The traditional opposition between social wholes and individuals rings a bit hollow to contemporary ears, not only because the poles of the opposition are only vaguely or ambiguously conceived, nor solely because one suspects that they are hardly mutually exclusive, but also because this opposition doesn't include, within the scope of potentially relevant factors it considers, those that are non-human or sub-personal (such as, for instance, human biology, ecology, and artifacts and technology). What happens in human affairs is very plausibly constrained, enabled, and affected by a combination of factors classifiable as ecological, biological, and technological, in addition to "individual" and "social." Since the first three kinds of factors operate in ways that cross-cut the individual-social distinction, and (on some conceptions of the individual or the social) are not included within the framework of that distinction at all, the inherited individualism-holism opposition, and the traditional question of the reducibility or non-reducibility of the social to the individual, are problematic in a way that most contributors to the volume never address. (A common pattern in the volume is to mention such factors as possibly relevant, but not to discuss them in any detail: for instance, regarding artifacts, pp. 58, 121-122, 143, 145-146, 212; regarding sub-personal factors, p. 150.) To some extent, Risjord's and Collin's essays, and a few paragraphs of McCubbins and Turner's (240), are a refreshing exception to this general criticism.

For examples of alternative approaches to the relation between the individual and the social, which do not pass quietly over such sub-personal and non-human factors, see John Protevi's analysis of the relation between somatic, technological, and social processes "below," "alongside," and "above" the subject (respectively), in Protevi 2009 and 2013; Lenny Moss and Vida Pavesich's analysis of differential access to embodied skill-formation in Moss and Pavesich 2011; and Moss's critique of methodological individualism on the basis of a reconstruction of human evolutionary history (Moss 2014), which also points to the role of sub-personal social processes in the constitution of human individuality.

REFERENCES

Lukes, Steven. 1968. "Methodological Individualism Reconsidered." The British Journal of Sociology, Vol. 19 (2): 119-129.

Lukes, Steven. 1973. Émile Durkheim, his Life and Work: A Historical and Critical Study.
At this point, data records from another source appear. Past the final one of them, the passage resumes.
lemma assoc_agent_envy:
  assumes gi: "general_instance n m pA pO"
    and q: "deterministic_matching (agents' n m) (objects' n m) q"
    and ir: "individually_rational n m pA pO (\<lambda>i j. q (Inl i) (Inl j))"
    and off: "\<forall>k<n. k \<noteq> i \<longrightarrow> q (Inl i) (Inr k) = 0"
    and i: "i < n" and c': "c' \<in> objects' n m" "q (Inl i) c' = 1"
    and envy: "sp (assocA n m pA pO (Inl i)) c c'"
  obtains j where "c = Inl j" "sp (pA i) (Some j) None"
    "\<forall>j'<m. pA i (Some j') (Some j) \<longrightarrow> q (Inl i) (Inl j') = 0"
proof -
  have row_unique: "q (Inl i) c'' = 0" if "c'' \<in> objects' n m" "c'' \<noteq> c'" for c''
    using bistochastic_row_unique[OF _ finite_objects', of _ q "Inl i" c' c''] q i c' that
    by (auto simp: deterministic_matching_def agents'_def)
  from c' off consider (object) j' where "c' = Inl j'" "j' < m" | (null) "c' = Inr i"
    unfolding objects'_def by force
  then show ?thesis
  proof cases
    case object
    have "acceptable pA pO i j'"
      using individually_rational_imp_acceptable[OF gi ir i object(2)] c' object by simp
    then obtain j where j: "c = Inl j" "sp (pA i) (Some j) None" "sp (pA i) (Some j) (Some j')"
      using envy object assocA_agent_sp by (auto simp: acceptable_def)
    then show ?thesis
      using that row_unique object by (auto simp: objects'_def sp_def)
  next
    case null
    then obtain j where "c = Inl j" "sp (pA i) (Some j) None"
      using envy assocA_agent_sp by auto
    then show ?thesis
      using that row_unique null by (auto simp: objects'_def)
  qed
qed

lemma assoc_object_envy:
  assumes gi: "general_instance n m pA pO"
    and q: "deterministic_matching (agents' n m) (objects' n m) q"
    and ir: "individually_rational n m pA pO (\<lambda>i j. q (Inl i) (Inl j))"
    and off: "\<forall>k<m. k \<noteq> j \<longrightarrow> q (Inr k) (Inl j) = 0"
    and j: "j < m" and b: "b \<in> agents' n m" "q b (Inl j) = 1"
    and envy: "sp (assocO n m pA pO (Inl j)) a b"
  obtains i where "a = Inl i" "sp (pO j) (Some i) None"
    "\<forall>i'<n. pO j (Some i') (Some i) \<longrightarrow> q (Inl i') (Inl j) = 0"
proof -
  have col_unique: "q b' (Inl j) = 0" if "b' \<in> agents' n m" "b' \<noteq> b" for b'
    using bistochastic_col_unique[OF _ finite_agents', of _ q b b' "Inl j"] q j b that
    by (auto simp: deterministic_matching_def objects'_def)
  from b off consider (agent) i' where "b = Inl i'" "i' < n" | (dummy) "b = Inr j"
    unfolding agents'_def by force
  then show ?thesis
  proof cases
    case agent
    have "acceptable pA pO i' j"
      using individually_rational_imp_acceptable[OF gi ir agent(2) j] b agent by simp
    then obtain i where i: "a = Inl i" "sp (pO j) (Some i) None" "sp (pO j) (Some i) (Some i')"
      using envy agent assocO_object_sp by (auto simp: acceptable_def)
    then show ?thesis
      using that col_unique agent by (auto simp: agents'_def sp_def)
  next
    case dummy
    then obtain i where "a = Inl i" "sp (pO j) (Some i) None"
      using envy assocO_object_sp by auto
    then show ?thesis
      using that col_unique dummy by (auto simp: agents'_def)
  qed
qed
London, UK: Penguin.

Moss, Lenny, and Pavesich, Vida. 2011. "Science, Normativity, and Skill: Reviewing and Renewing the Anthropological Basis of Critical Theory." Philosophy and Social Criticism 37 (2): 139-165.
 
Moss, Lenny. 2014. "Detachment and Compensation: Groundwork for a Metaphysics of 'Biosocial Becoming'." Philosophy and Social Criticism, 40 (1): 91-105.

Protevi, John. 2009. Political Affect: Connecting the Social and the Somatic. Minneapolis, MN: University of Minnesota Press.
 
Protevi, John. 2013. Life, War, Earth: Deleuze and the Sciences. Minneapolis, MN: University of Minnesota Press.

Zahle, Julie. 2007. "Holism and Supervenience." In Stephen P. Turner and Mark Risjord (eds.), Philosophy of Anthropology and Sociology. Amsterdam, Netherlands: Elsevier, pp. 311-341.